Tool was written for GBC Crystalis translation project. Crystalis uses Hicolour technique for it's title and game over screens. This tool can convert plain (uncompressed) tiles and palettes set to one .tga file for further editing and pasting into ROM (or creating your own Hicolour demo). For reverse conversion, please use "TGA2GBC" tool by Jeff Frohwein.
Palettes manipulation is the core of Hicolour technique. It uses GBC's hardware ability to access palettes memory during HBlank, which theoretically means that every scanline can have it's own set out of 8 palettes. Practically, Z80 is too slow for that, but each 2 scanlines can have totally new 8 palettes. There's also an GBC interleaving factor comes in, which shift palettes sets between left and right parts of screen.

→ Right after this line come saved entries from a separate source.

lemma main_fun_scalar:
  assumes \<Phi>: "obj_fixing_auto \<Phi>" and "finite A"
  shows "main_fun \<Phi> x0 A (fa_scalar c) = \<Phi> {x0} {} (alpha x0 (fa_scalar c)) (fa_var x0)"
proof -
  let ?\<alpha> = "alpha x0 (fa_scalar c)"
  have \<alpha>: "?\<alpha> \<in> fa_hom {x0} {}" by (rule alpha_scalar_hom)
  have \<iota>: "fa_id {} \<in> fa_hom {} A" by (rule fa_id_hom) simp
  have "\<Phi> {x0} {} ?\<alpha> \<in> fa_hom {x0} {}"
    using obj_fixing_auto_hom[OF \<Phi> _ _ \<alpha>] by simp
  from fa_hom_in_FA[OF this fa_var_in_FA] obtain e where e: "\<Phi> {x0} {} ?\<alpha> (fa_var x0) = fa_scalar e"
    unfolding FA_empty by auto
  have "\<Phi> {} A (fa_id {}) \<in> fa_hom {} A"
    using obj_fixing_auto_hom[OF \<Phi> _ \<open>finite A\<close> \<iota>] by simp
  then have "\<Phi> {} A (fa_id {}) (fa_scalar e) = fa_scalar e"
    by (rule fa_hom_scalar)
  moreover have "main_fun \<Phi> x0 A (fa_scalar c) = \<Phi> {x0} A (fa_comp {x0} (fa_id {}) ?\<alpha>) (fa_var x0)"
    unfolding main_fun_def fa_comp_fa_id_left[OF \<alpha>] ..
  moreover have "\<dots> = \<Phi> {} A (fa_id {}) (\<Phi> {x0} {} ?\<alpha> (fa_var x0))"
    using obj_fixing_auto_comp[OF \<Phi> _ _ \<open>finite A\<close> \<alpha> \<iota>]
    by (simp add: fa_comp_def compose_def fa_var_in_FA)
  ultimately show ?thesis using e by simp
qed

theorem mainTheorem7:
  fixes \<Phi> :: "'x set \<Rightarrow> 'x set \<Rightarrow> (('x,'k::field) fa \<Rightarrow> ('x,'k) fa) \<Rightarrow> (('x,'k) fa \<Rightarrow> ('x,'k) fa)"
    and x0 :: 'x and A :: "'x set"
  assumes "infinite (UNIV :: 'k set)"
    and "infinite (UNIV :: 'x set)"
    and "obj_fixing_auto \<Phi>"
    and "finite A"
  shows "main_fun \<Phi> x0 A ` scalars A = scalars A"
proof -
  have "main_fun \<Phi> x0 A ` scalars A = (\<lambda>h. h (fa_var x0)) ` \<Phi> {x0} {} ` fa_hom {x0} {}"
    unfolding scalars_def fa_hom_to_ground_field image_image
    by (simp add: main_fun_scalar[OF assms(3,4)])
  also have "\<Phi> {x0} {} ` fa_hom {x0} {} = fa_hom {x0} {}"
    using obj_fixing_auto_bij[OF assms(3)] by (simp add: bij_betw_imp_surj_on)
  also have "(\<lambda>h. h (fa_var x0)) ` fa_hom {x0} {} = scalars A"
    unfolding scalars_def fa_hom_to_ground_field image_image by (simp add: alpha_scalar_var)
  finally show ?thesis .
qed

end
lemma strict_mono_on_near_pos_deriv:
  fixes f f' :: "real \<Rightarrow> real"
  assumes der: "\<And>x. (f has_real_derivative f' x) (at x)"
    and "isCont f' c" and "f' c > 0"
  shows "\<exists>d>0. strict_mono_on {c-d<..<c+d} f"
proof -
  have "\<forall>\<^sub>F x in nhds c. f' x > 0"
    using assms(2,3) order_tendstoD(1) isCont_def tendsto_at_iff_tendsto_nhds by blast
  then obtain d where "d > 0" and pos: "\<And>x. dist x c < d \<Longrightarrow> f' x > 0"
    unfolding eventually_nhds_metric by blast
  have "strict_mono_on {c-d<..<c+d} f"
  proof (rule strict_mono_onI)
    fix u v assume uv: "u \<in> {c-d<..<c+d}" "v \<in> {c-d<..<c+d}" "u < v"
    show "f u < f v"
    proof (rule DERIV_pos_imp_increasing[OF \<open>u < v\<close>])
      fix x assume "u \<le> x" "x \<le> v"
      with uv have "dist x c < d" by (auto simp: dist_real_def)
      then show "\<exists>y. (f has_real_derivative y) (at x) \<and> y > 0" using der pos by blast
    qed
  qed
  with \<open>d > 0\<close> show ?thesis by blast
qed

lemma above_tangent_if_strict_mono_deriv:
  fixes f F :: "real \<Rightarrow> real"
  assumes der: "\<And>x. (F has_real_derivative f x) (at x)"
    and mono: "strict_mono_on {c-d<..<c+d} f" and t: "0 < t" "t < d"
  shows "F c + f c * t < F (c + t)" and "F c - f c * t < F (c - t)"
proof -
  define g where "g x = F x - f c * x" for x
  have dg: "(g has_real_derivative f x - f c) (at x)" for x
    unfolding g_def by (auto intro!: derivative_eq_intros der)
  have cg: "continuous_on S g" for S
    using dg by (meson DERIV_isCont continuous_at_imp_continuous_on)
  have "g c < g (c + t)"
  proof (rule DERIV_pos_imp_increasing_open[of c "c + t" g])
    fix x assume "c < x" "x < c + t"
    then have "f c < f x" using mono t by (intro strict_mono_onD[OF mono]) auto
    then show "\<exists>y. (g has_real_derivative y) (at x) \<and> y > 0" using dg[of x] by force
  qed (use t cg in auto)
  then show "F c + f c * t < F (c + t)" by (simp add: g_def algebra_simps)
  have "g (c - 0) < g (c - t)"
  proof (rule DERIV_pos_imp_increasing_open[of 0 t "\<lambda>x. g (c - x)"])
    fix x assume "0 < x" "x < t"
    then have "f (c - x) < f c" using mono t by (intro strict_mono_onD[OF mono]) auto
    have "((\<lambda>x. c - x) has_real_derivative -1) (at x)"
      by (auto intro!: derivative_eq_intros)
    note DERIV_chain2[OF dg this]
    moreover have "(f (c - x) - f c) * - 1 > 0" using \<open>f (c - x) < f c\<close> by simp
    ultimately show "\<exists>y. ((\<lambda>x. g (c - x)) has_real_derivative y) (at x) \<and> y > 0"
      by blast
  next
    show "continuous_on {0..t} (\<lambda>x. g (c - x))"
      by (intro continuous_intros continuous_on_compose2[OF cg[of UNIV]]) auto
  qed (use t in auto)
  then show "F c - f c * t < F (c - t)" by (simp add: g_def algebra_simps)
qed

text \<open>The parameter is the level \<open>m = p s^2/2 + x Gp + y Gm\<close>. The second reduced equation then
  says \<open>y bm = ratio m * x bp\<close>, the first determines \<open>p\<close>, and the level condition becomes a
  quadratic equation for \<open>x bp\<close>. Its small root is written in rationalized form \<open>root\<close>, which is
  continuous at \<open>m = 0\<close> and vanishes there.\<close>

locale reduced_system =
  fixes s t bp bm Gp Gm :: real
  assumes pos: "0 < s" "0 < t" "0 < bp" "0 < bm" "0 < Gp" "0 < Gm"
begin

Each color is 16 bits, so 0x800 colors. each scanline is written 4 palettes, 4 colors each (10 colors), (0x80 scanlines total) Screen is divided on 16x2 blocks, which share one palette, whole screen contains (128128)/(162) = 512 of such blocks, each pal stored as 8 bytes, so all palettes are stored in 512*8 = 0x1000 bytes and 0x10 tiles in height (i.e. 0x80 scanlines)
Please check my notes for more information.
Usage: gbc2Tga [-v]| NAME
NAME is a name for both NAME.gfx (binary tiles) and NAME.pal (binary palettes),
which should be available in application's directory
-v show version number
Source can be compiled with Haskell stack.